Brenden Morrow emerged with the Dallas Stars early in the previous decade, when the team was in transition. A number of the standouts who played key roles in the team winning the Stanley Cup in 1999 were aging and moving on, and Morrow was seen as the leader of the next generation of Stars.
The team awarded him the captaincy in 2006 to cement that spot, and he more than lived up to his role as a leader on and off the ice.
But injuries and time have dulled his effectiveness over the last two seasons, bringing his future with the team into question.
NHL.com examines the pros and cons to the Stars making Morrow available to move prior to the April 3, 2013 NHL Trade Deadline:
Position: Left wing
Statistics: 27 games, 6 goals, 5 assists, 11 points
Salary status: Morrow is in the final season of a six-year, $24.6 million contract and can become an unrestricted free agent on July 1.

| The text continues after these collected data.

lemma quadratic_expansion_inverse:
  assumes Y: "quadratic_expansion Y x0 a b"
    and ai: "bounded_linear ai" "\<And>v. ai (a v) = v"
    and X: "lipschitz_at X y0" "X y0 = x0"
    and right_inverse: "\<forall>\<^sub>F y in nhds y0. Y (X y) = y"
  shows "quadratic_expansion X y0 ai (\<lambda>u v. - ai (b (ai u) (ai v)))"
  unfolding quadratic_expansion_def
proof (intro conjI allI impI)
  interpret ai: bounded_linear ai by fact
  interpret b: bounded_bilinear b using Y by (rule quadratic_expansionD)
  show "bounded_linear ai" by fact
  show "bounded_bilinear (\<lambda>u v. - ai (b (ai u) (ai v)))"
    using bounded_bilinear_linear_compose[OF bounded_linear_minus[OF ai(1)] b.comp[OF ai(1) ai(1)]] .
  have "Y x0 = y0"
    using eventually_nhds_x_imp_x[OF right_inverse] X(2) by simp
  obtain Ka where Ka: "\<And>v. norm (ai v) \<le> norm v * Ka" "Ka > 0"
    using ai.pos_bounded by blast
  obtain Kb where "Kb > 0" and Kb: "\<And>u v. norm (b u u - b v v) \<le> Kb * norm (u - v) * (norm u + norm v)"
    using bounded_bilinear_diagonal_diff_bound[OF b.bounded_bilinear_axioms] by blast
  obtain K where "K > 0" and K: "\<forall>\<^sub>F y in nhds y0. norm (X y - x0) \<le> K * norm (y - y0)"
    using X(1) by (rule lipschitz_atE) (use X(2) in simp)
  obtain CS where "CS > 0" and CS: "\<forall>\<^sub>F x in nhds x0. norm (Y x - Y x0 - a (x - x0)) \<le> CS * (norm (x - x0))\<^sup>2"
    using Y by (rule quadratic_expansion_linear_remainder)
  have X_tendsto: "(X \<longlongrightarrow> x0) (nhds y0)"
    using lipschitz_at_tendsto[OF X(1)] X(2) by simp
  fix e :: real assume "e > 0"
  have "\<forall>\<^sub>F x in nhds x0. norm (Y x - Y x0 - a (x - x0) - b (x - x0) (x - x0))
      \<le> e / (2 * Ka * K\<^sup>2) * (norm (x - x0))\<^sup>2"
    using \<open>e > 0\<close> \<open>K > 0\<close> Ka(2) by (intro quadratic_expansionD(3)[OF Y]) simp
  note rY = eventually_compose_filterlim[OF this X_tendsto]
  note sY = eventually_compose_filterlim[OF CS X_tendsto]
  \<comment> \<open>absorbs ai (b w w - b h h) for k = y - y0, h = X y - x0, w = ai k; it is cubic in k
    because w - h = ai (k - a h) = O(|k|^2)\<close>
  have small: "\<forall>\<^sub>F y in nhds y0. Ka * Kb * (Ka * CS * K\<^sup>2) * (Ka + K) * norm (y - y0) < e / 2"
    using \<open>e > 0\<close> by (intro eventually_nhds_norm_mult_less) simp
  from right_inverse K rY sY small
  show "\<forall>\<^sub>F y in nhds y0. norm (X y - X y0 - ai (y - y0) - - ai (b (ai (y - y0)) (ai (y - y0))))
      \<le> e * (norm (y - y0))\<^sup>2"
  proof eventually_elim
    case (elim y)
    define k h where "k = y - y0" and "h = X y - x0"
    define w r where "w = ai k" and "r = k - a h - b h h"
    have h: "norm h \<le> K * norm k"
      using elim(2) by (simp add: k_def h_def)
    then have h2: "(norm h)\<^sup>2 \<le> K\<^sup>2 * (norm k)\<^sup>2"
      by (metis norm_ge_zero power_mono power_mult_distrib)
    have r: "norm r \<le> e / (2 * Ka * K\<^sup>2) * (norm h)\<^sup>2"
      using elim(1,3) \<open>Y x0 = y0\<close> by (simp add: r_def k_def h_def)
    have "norm (ai r) \<le> norm r * Ka" by (rule Ka(1))
    also have "\<dots> \<le> e / (2 * Ka * K\<^sup>2) * (K\<^sup>2 * (norm k)\<^sup>2) * Ka"
      using r h2 \<open>e > 0\<close> Ka(2) \<open>K > 0\<close> by (intro mult_right_mono order_trans[OF r] mult_left_mono) simp_all
    finally have air: "norm (ai r) \<le> e / 2 * (norm k)\<^sup>2"
      using Ka(2) \<open>K > 0\<close> by simp
    have "w - h = ai (k - a h)"
      by (simp add: w_def ai.diff ai(2))
    then have "norm (w - h) \<le> Ka * CS * (norm h)\<^sup>2"
      using Ka(1)[of "k - a h"] elim(1,4) Ka(2) \<open>Y x0 = y0\<close>
      by (simp add: k_def h_def mult.commute mult.left_commute mult_left_mono order_trans)
    also have "\<dots> \<le> Ka * CS * (K\<^sup>2 * (norm k)\<^sup>2)"
      using h2 Ka(2) \<open>CS > 0\<close> by (intro mult_left_mono) simp_all
    finally have wh: "norm (w - h) \<le> Ka * CS * K\<^sup>2 * (norm k)\<^sup>2" by simp
    have "norm (ai (b w w - b h h)) \<le> Ka * (Kb * norm (w - h) * (norm w + norm h))"
      using Ka(1)[of "b w w - b h h"] Kb[of w h] Ka(2) by (simp add: mult.commute mult_left_mono order_trans)
    also have "\<dots> \<le> Ka * (Kb * (Ka * CS * K\<^sup>2 * (norm k)\<^sup>2) * (Ka * norm k + K * norm k))"
      using wh h Ka \<open>Kb > 0\<close> \<open>CS > 0\<close> by (intro mult_left_mono mult_mono add_mono) (simp_all add: w_def mult.commute)
    also have "\<dots> = (Ka * Kb * (Ka * CS * K\<^sup>2) * (Ka + K) * norm k) * (norm k)\<^sup>2"
      by (simp add: algebra_simps)
    also have "\<dots> \<le> e / 2 * (norm k)\<^sup>2"
      using elim(5) by (intro mult_right_mono) (simp_all add: k_def)
    finally have aib: "norm (ai (b w w - b h h)) \<le> e / 2 * (norm k)\<^sup>2" .
    have "k = a h + b h h + r" by (simp add: r_def)
    then have "X y - X y0 - ai k - - ai (b w w) = ai (b w w - b h h) - ai r"
      by (simp add: h_def w_def X(2) ai.add ai.diff ai(2))
    moreover have "norm (ai (b w w - b h h) - ai r) \<le> e * (norm k)\<^sup>2"
      using norm_triangle_ineq4[of "ai (b w w - b h h)" "ai r"] air aib by linarith
    ultimately show ?case by (simp only: k_def w_def)
  qed
qed

lemma quadratic_expansion_compose_local_inverse:
  fixes Y :: "'a::euclidean_space \<Rightarrow> 'a" and G :: "'a \<Rightarrow> 'b::real_normed_vector"
  assumes Y: "quadratic_expansion Y x0 LY QY" and G: "quadratic_expansion G x0 LG QG"
    and X: "lipschitz_at X y0" "X y0 = x0"
    and left_inverse: "\<forall>\<^sub>F x in nhds x0. X (Y x) = x"
    and right_inverse: "\<forall>\<^sub>F y in nhds y0. Y (X y) = y \<and> G (X y) = g y"
  shows "\<exists>L Q. quadratic_expansion g y0 L Q"
proof -
  have "Y x0 = y0"
    using eventually_nhds_x_imp_x[OF right_inverse] X(2) by simp
  have "inj LY"
    using quadratic_expansion_imp_has_derivative[OF Y] left_inverse
    by (rule has_derivative_inj_if_lipschitz_left_inverse) (simp add: \<open>Y x0 = y0\<close> X(1))
  then obtain LX where "linear LX" "LX \<circ> LY = id"
    using linear_injective_left_inverse quadratic_expansionD(1)[OF Y] bounded_linear.linear by blast
  then have "quadratic_expansion X y0 LX (\<lambda>u v. - LX (QY (LX u) (LX v)))"
    using Y X right_inverse
    by (intro quadratic_expansion_inverse)
      (auto simp: linear_conv_bounded_linear pointfree_idE elim: eventually_mono)
  from quadratic_expansion_compose[OF this] G X(2)
  have "quadratic_expansion (\<lambda>y. G (X y)) y0 (\<lambda>h. LG (LX h))
      (\<lambda>u v. LG (- LX (QY (LX u) (LX v))) + QG (LX u) (LX v))"
    by simp
  moreover have "\<forall>\<^sub>F y in nhds y0. G (X y) = g y"
    using right_inverse by eventually_elim simp
  ultimately show ?thesis
    by (blast intro: quadratic_expansion_cong)
qed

Keep him: For most of his career, Morrow has been the prototypical power forward, fighting for goals and creating havoc in front of the net in the offensive zone. While injuries have slowed him, at 34 there's no reason to think Morrow is past his prime. And as the Stars begin to transition younger players into the lineup, Morrow is an ideal leader to help in their adjustment.

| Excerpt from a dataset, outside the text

(* Let $\mathcal{G}^s$ be an SCG and consider the effect $P(y_t\mid \text{do}(x^1_{t-\gamma_1}),\dots,\text{do}(x^n_{t-\gamma_n}))$. The following are equivalent: 1. There exist an intervention $X^i_{t-\gamma_i}$ and a candidate FTCG $\mathcal{G}^f\in\mathcal{C}(\mathcal{G}^s)$ containing a directed path $X^i_{t-\gamma_i}\leftsquigarrow Y_t$ (from $Y_t$ to $X^i_{t-\gamma_i}$) which remains in $\mathcal{NC}\cup\{X^i_{t-\gamma_i}\}$. 2. There exists an intervention $X^i_{t-\gamma_i}$ with $\gamma_i=0$ and $X^i\in\text{Desc}(Y,\mathcal{G}^s_{|\mathcal{S}})$, where $\mathcal{S}:=\{S\in\mathcal{V}^s: t_{\mathcal{NC}}(S)\le t\}\cup\{X^j\in\mathcal{X}^s:\gamma_j=0\}$ and $\mathcal{G}^s_{|\mathcal{S}}$ is the subgraph of $\mathcal{G}^s$ induced by $\mathcal{S}$.
   Context: Let $\mathcal{V}$ be a finite set of time series, $\mathcal{V}^f=\{X_s: X\in\mathcal{V},s\in\mathbb{Z}\}$. An FTCG is a DAG on $\mathcal{V}^f$ whose edges $X_s\to Z_{s'}$ satisfy $s\le s'$. The SCG reduced from an FTCG $\mathcal{G}^f$ is $\mathcal{G}^s=(\mathcal{V}^s,\mathcal{E}^s)$, $\mathcal{V}^s=\mathcal{V}$, with $X\to Z$ iff $\mathcal{G}^f$ has an edge $X_{s-\gamma}\to Z_s$ with $\gamma\ge0$. An SCG is a graph reduced from some FTCG; $\mathcal{C}(\mathcal{G}^s)$ is the class of candidate FTCGs (those from which $\mathcal{G}^s$ is reduced). Descendants are via directed paths (a vertex is its own descendant). A path from set $\mathbf{A}$ to $\mathbf{B}$ is proper if only its first vertex is in $\mathbf{A}$. A path remains in a set $S$ if all its vertices are in $S$. $\text{Forb}(\mathbf{X},\mathbf{Y},\mathcal{G})$ is the set of all descendants of any $W\notin\mathbf{X}$ lying on a proper directed path from $\mathbf{X}$ to $\mathbf{Y}$ in $\mathcal{G}$. Effect setup: fix $Y\in\mathcal{V}^s$, a time $t$, and interventions $X^1_{t-\gamma_1},\dots,X^n_{t-\gamma_n}$ (distinct vertices of $\mathcal{V}^f$), with standing assumptions $\gamma_i\ge0$ and $Y$ a descendant of every $X^i$ in $\mathcal{G}^s$. $\mathcal{X}^f=\{X^i_{t-\gamma_i}\}_i$, $\mathcal{X}^s=\{X^i\}_i$. $\mathcal{CF}=\bigcup_{\mathcal{G}^f\in\mathcal{C}(\mathcal{G}^s)}\text{Forb}(\mathcal{X}^f,Y_t,\mathcal{G}^f)$, $\mathcal{NC}=\mathcal{CF}\setminus\mathcal{X}^f$. For $F\in\mathcal{V}^s$, $t_{\mathcal{NC}}(F)=\min\{t_1:F_{t_1}\in\mathcal{NC}\}$ with $\min\emptyset=+\infty$. *)

theory Defs
  imports Main "HOL-Library.Extended_Real"
begin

Move him: The effects of 13 seasons of playing a crash/bang style began to catch up to Morrow last season, as injuries limited him to 57 games, and though he's missed two games this season, he clearly isn't the same player. Coach Glen Gulutzan even tried shifting him to the fourth line in the hope that would somehow spark him. Morrow's skills haven't completely deserted him, but it could be time for a change for both player and team. Morrow was on the younger side when he came into the League, serving as the guy who bumped out Mike Modano and Brett Hull; now he's in their spot as Loui Eriksson and Jamie Benn emerge. The Philadelphia Flyers reportedly have shown interest in Morrow, and other teams could enter the bidding for a power forward who can contribute at even strength and on the power play.